[Data entries]

_ _ _ _

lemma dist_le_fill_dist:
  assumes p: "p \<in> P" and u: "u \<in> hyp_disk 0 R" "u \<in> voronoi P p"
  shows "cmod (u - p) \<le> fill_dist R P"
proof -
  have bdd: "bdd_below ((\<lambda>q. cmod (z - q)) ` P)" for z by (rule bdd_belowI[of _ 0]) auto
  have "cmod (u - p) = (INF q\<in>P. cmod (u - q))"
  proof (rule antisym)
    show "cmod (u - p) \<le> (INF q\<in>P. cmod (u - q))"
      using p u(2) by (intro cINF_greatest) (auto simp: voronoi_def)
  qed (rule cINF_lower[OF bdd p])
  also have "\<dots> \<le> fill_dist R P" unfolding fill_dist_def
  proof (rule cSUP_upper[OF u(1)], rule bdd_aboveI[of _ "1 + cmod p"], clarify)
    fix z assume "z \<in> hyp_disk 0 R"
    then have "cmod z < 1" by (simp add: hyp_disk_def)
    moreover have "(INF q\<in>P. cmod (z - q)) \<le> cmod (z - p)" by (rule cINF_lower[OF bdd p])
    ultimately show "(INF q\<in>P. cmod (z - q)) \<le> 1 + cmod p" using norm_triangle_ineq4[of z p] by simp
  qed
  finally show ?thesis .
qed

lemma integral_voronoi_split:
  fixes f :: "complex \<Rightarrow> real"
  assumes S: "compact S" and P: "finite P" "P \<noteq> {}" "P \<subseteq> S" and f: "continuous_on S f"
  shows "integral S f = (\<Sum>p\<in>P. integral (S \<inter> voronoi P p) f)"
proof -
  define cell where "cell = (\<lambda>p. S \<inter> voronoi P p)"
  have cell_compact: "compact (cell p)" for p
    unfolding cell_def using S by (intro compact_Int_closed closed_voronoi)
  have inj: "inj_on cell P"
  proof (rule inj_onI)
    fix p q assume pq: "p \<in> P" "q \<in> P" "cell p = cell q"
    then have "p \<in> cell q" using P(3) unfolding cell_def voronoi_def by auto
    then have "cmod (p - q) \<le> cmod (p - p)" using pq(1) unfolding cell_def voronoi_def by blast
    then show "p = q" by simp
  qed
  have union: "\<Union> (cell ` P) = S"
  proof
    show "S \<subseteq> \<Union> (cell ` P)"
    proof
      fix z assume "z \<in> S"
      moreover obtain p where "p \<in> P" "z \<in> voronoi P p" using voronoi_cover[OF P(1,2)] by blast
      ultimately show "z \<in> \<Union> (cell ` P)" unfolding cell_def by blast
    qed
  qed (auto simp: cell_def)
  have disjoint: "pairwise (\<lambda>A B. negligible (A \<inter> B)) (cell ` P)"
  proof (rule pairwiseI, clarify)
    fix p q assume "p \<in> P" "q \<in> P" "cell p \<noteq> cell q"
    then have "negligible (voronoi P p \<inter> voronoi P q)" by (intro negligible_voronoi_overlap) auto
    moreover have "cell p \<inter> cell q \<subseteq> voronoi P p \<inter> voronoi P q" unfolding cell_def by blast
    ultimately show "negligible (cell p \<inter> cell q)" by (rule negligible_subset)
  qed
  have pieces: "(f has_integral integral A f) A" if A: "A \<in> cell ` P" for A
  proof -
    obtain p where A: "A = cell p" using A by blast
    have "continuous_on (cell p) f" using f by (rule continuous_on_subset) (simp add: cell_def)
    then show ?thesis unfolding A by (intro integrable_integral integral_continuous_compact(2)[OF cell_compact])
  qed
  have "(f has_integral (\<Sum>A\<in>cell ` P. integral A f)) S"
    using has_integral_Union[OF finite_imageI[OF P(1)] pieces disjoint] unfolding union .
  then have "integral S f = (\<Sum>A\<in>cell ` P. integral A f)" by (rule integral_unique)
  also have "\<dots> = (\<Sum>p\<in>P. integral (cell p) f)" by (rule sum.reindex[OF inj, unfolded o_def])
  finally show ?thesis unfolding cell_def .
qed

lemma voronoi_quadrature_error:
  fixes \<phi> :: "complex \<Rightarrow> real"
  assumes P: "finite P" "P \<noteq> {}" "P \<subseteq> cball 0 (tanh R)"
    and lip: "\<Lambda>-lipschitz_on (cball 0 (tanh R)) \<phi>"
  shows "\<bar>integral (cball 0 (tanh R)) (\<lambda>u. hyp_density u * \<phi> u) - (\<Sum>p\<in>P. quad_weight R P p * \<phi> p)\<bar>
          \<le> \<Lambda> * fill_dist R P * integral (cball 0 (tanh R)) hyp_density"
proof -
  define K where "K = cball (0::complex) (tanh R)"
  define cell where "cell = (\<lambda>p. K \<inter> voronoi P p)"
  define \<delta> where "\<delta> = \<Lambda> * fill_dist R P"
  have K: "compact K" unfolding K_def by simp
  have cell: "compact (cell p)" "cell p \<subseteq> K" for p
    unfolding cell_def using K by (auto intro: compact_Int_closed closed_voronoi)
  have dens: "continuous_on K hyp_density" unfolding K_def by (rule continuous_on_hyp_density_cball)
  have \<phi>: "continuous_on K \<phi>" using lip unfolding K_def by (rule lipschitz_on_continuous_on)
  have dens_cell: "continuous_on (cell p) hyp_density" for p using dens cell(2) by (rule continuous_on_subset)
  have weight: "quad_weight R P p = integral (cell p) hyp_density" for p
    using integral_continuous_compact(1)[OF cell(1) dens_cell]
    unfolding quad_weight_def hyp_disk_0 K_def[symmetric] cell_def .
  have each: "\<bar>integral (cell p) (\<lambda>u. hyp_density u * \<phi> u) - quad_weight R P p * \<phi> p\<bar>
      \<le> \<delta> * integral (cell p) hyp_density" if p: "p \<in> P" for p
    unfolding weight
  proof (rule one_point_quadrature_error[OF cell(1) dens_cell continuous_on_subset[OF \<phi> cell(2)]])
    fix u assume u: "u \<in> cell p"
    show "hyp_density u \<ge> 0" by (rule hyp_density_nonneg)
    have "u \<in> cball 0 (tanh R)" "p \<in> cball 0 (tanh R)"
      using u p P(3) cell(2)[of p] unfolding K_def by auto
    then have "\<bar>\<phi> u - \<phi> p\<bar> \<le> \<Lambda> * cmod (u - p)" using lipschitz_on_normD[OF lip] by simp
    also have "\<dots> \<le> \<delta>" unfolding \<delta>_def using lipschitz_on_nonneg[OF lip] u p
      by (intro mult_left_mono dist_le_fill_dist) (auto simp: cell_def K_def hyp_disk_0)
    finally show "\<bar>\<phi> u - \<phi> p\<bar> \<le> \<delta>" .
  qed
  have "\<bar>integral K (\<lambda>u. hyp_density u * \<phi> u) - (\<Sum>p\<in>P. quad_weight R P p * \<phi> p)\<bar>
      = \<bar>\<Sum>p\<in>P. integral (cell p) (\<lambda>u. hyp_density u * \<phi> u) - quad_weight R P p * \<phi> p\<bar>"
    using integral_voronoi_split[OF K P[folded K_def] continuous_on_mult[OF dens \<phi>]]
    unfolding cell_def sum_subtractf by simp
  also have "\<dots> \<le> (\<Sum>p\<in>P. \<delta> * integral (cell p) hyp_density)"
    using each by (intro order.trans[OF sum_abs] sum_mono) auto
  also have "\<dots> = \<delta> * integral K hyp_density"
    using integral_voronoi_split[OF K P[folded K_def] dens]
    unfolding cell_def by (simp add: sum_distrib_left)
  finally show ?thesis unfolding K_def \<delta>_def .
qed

_ _ _ _

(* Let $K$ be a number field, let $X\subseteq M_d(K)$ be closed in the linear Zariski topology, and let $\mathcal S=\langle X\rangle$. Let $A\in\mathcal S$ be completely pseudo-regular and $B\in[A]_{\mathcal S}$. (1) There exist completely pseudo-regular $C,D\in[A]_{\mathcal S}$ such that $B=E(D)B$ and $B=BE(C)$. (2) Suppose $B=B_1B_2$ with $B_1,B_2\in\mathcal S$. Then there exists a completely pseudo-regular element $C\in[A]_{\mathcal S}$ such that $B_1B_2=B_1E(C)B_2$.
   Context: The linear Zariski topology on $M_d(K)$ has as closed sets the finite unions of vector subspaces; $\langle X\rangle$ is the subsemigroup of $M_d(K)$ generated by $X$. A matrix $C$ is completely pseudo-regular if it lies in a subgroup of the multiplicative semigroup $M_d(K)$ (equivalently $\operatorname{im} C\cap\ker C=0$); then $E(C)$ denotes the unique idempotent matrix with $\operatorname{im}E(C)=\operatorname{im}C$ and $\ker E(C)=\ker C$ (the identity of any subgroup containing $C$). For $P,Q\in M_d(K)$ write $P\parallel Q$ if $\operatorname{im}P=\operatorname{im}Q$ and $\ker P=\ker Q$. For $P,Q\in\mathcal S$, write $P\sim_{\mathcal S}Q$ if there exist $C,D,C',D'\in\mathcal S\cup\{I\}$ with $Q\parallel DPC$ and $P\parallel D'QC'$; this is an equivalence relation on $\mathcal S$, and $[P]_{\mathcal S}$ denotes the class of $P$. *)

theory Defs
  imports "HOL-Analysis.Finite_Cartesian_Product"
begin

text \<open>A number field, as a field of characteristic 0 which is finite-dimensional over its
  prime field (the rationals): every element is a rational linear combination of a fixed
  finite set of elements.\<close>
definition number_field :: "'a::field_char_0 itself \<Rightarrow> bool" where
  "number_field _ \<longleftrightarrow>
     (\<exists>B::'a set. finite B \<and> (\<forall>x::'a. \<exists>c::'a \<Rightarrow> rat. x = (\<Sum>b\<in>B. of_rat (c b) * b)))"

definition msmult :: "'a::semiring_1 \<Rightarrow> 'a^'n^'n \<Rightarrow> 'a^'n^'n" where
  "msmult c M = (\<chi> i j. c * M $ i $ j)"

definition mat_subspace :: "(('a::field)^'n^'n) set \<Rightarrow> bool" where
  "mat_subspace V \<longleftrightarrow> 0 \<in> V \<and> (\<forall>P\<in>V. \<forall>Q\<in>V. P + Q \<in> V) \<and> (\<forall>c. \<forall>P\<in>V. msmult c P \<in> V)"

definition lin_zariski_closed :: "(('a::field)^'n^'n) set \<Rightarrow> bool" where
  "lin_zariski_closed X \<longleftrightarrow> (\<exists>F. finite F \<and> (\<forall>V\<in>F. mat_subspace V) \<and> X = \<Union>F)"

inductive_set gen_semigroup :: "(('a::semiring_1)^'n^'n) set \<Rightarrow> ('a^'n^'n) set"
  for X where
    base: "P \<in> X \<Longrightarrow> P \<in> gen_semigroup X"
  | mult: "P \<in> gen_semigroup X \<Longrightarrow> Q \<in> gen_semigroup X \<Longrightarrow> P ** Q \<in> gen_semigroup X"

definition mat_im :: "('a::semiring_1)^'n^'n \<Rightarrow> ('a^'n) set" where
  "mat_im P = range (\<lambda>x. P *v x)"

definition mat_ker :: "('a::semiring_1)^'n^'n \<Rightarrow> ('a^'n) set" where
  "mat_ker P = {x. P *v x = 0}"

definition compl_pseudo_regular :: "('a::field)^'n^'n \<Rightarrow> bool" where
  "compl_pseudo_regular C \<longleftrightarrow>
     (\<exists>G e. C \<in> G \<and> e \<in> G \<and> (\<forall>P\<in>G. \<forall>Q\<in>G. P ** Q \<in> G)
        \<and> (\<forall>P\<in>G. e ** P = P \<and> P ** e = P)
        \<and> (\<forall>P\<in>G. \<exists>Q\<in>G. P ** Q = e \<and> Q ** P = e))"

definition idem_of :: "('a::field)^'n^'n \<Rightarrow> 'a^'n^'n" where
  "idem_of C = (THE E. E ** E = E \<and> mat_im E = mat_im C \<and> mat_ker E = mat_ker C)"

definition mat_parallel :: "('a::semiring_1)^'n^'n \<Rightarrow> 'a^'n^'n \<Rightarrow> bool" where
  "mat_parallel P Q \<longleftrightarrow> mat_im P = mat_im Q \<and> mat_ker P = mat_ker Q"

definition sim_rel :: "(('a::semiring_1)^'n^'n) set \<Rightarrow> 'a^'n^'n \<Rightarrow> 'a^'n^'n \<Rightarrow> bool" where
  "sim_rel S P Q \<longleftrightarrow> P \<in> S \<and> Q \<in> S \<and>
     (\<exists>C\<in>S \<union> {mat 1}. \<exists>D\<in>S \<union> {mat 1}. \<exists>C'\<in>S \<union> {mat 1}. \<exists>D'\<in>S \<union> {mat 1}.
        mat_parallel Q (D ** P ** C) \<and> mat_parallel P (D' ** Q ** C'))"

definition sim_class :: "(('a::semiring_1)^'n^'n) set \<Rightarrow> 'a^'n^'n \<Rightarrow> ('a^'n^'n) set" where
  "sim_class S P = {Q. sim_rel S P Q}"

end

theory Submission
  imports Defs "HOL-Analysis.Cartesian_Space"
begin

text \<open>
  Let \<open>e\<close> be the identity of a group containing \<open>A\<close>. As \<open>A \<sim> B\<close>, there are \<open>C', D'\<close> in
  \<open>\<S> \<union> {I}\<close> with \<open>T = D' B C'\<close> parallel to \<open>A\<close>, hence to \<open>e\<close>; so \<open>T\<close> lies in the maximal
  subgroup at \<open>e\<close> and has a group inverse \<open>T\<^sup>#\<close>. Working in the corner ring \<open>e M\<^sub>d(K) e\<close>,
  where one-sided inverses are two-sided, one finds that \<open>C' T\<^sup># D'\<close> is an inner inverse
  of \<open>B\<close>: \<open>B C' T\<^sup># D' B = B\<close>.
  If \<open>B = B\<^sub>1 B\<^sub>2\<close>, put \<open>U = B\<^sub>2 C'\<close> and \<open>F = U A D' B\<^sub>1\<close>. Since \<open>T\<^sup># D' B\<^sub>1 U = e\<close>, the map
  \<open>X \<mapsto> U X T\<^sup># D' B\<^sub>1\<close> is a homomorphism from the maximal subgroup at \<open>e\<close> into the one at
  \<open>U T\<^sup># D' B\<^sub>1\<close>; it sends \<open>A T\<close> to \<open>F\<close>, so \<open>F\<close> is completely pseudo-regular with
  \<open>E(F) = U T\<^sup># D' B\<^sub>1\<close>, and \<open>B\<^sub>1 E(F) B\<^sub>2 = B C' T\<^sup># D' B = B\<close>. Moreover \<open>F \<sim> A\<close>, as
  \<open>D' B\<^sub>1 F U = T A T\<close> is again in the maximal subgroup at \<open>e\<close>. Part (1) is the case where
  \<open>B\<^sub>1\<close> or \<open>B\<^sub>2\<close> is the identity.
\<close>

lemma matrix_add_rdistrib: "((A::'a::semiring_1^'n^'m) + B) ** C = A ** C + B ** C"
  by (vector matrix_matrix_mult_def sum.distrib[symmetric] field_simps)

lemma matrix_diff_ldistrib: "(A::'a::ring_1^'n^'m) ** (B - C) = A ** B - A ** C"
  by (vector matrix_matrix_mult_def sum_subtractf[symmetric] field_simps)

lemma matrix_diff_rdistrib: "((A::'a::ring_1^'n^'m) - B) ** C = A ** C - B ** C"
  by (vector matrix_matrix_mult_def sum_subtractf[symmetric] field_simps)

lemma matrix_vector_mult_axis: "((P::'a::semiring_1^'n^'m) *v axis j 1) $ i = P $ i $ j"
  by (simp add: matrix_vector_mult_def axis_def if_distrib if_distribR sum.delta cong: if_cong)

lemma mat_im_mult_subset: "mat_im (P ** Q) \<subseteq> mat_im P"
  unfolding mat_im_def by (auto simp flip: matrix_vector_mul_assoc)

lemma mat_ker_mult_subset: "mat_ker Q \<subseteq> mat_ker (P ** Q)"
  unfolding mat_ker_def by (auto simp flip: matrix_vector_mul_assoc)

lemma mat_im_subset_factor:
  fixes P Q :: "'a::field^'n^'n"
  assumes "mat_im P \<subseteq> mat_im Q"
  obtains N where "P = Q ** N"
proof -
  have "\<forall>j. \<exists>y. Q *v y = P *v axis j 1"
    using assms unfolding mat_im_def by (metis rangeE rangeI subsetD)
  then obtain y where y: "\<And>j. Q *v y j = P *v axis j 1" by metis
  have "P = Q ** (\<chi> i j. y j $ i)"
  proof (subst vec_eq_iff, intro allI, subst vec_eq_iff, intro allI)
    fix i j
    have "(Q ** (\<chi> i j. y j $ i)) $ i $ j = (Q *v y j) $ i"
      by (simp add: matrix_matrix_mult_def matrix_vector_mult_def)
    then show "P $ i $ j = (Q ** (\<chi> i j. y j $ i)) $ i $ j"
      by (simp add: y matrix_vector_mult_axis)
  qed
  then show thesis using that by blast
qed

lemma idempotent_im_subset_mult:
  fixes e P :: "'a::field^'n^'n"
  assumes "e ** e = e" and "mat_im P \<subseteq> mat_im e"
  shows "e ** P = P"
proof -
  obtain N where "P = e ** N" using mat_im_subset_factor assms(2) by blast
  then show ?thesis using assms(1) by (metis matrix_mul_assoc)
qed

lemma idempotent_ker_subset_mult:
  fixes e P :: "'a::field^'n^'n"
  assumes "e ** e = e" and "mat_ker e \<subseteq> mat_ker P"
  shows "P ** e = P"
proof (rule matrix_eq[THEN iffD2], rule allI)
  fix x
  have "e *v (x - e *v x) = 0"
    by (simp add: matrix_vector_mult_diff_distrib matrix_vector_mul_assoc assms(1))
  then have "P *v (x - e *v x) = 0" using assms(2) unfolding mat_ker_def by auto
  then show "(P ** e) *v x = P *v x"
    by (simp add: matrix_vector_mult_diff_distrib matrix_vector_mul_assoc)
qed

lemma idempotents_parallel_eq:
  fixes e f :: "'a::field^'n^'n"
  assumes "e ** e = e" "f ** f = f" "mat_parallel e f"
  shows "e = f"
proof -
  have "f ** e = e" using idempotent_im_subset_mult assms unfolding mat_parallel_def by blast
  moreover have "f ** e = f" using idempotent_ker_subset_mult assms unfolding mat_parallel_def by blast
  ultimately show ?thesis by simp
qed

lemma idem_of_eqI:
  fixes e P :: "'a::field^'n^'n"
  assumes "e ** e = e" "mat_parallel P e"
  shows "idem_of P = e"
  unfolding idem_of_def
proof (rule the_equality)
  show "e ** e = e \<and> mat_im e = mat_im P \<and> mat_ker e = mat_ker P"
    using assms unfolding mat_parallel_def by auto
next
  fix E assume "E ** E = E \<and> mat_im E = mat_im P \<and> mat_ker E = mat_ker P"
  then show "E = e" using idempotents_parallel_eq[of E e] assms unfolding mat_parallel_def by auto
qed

_ _ _ _

Each line above that holds the string "clarify" should be copied and shown.

* Solution below *
  proof (rule cSUP_upper[OF u(1)], rule bdd_aboveI[of _ "1 + cmod p"], clarify)
  proof (rule pairwiseI, clarify)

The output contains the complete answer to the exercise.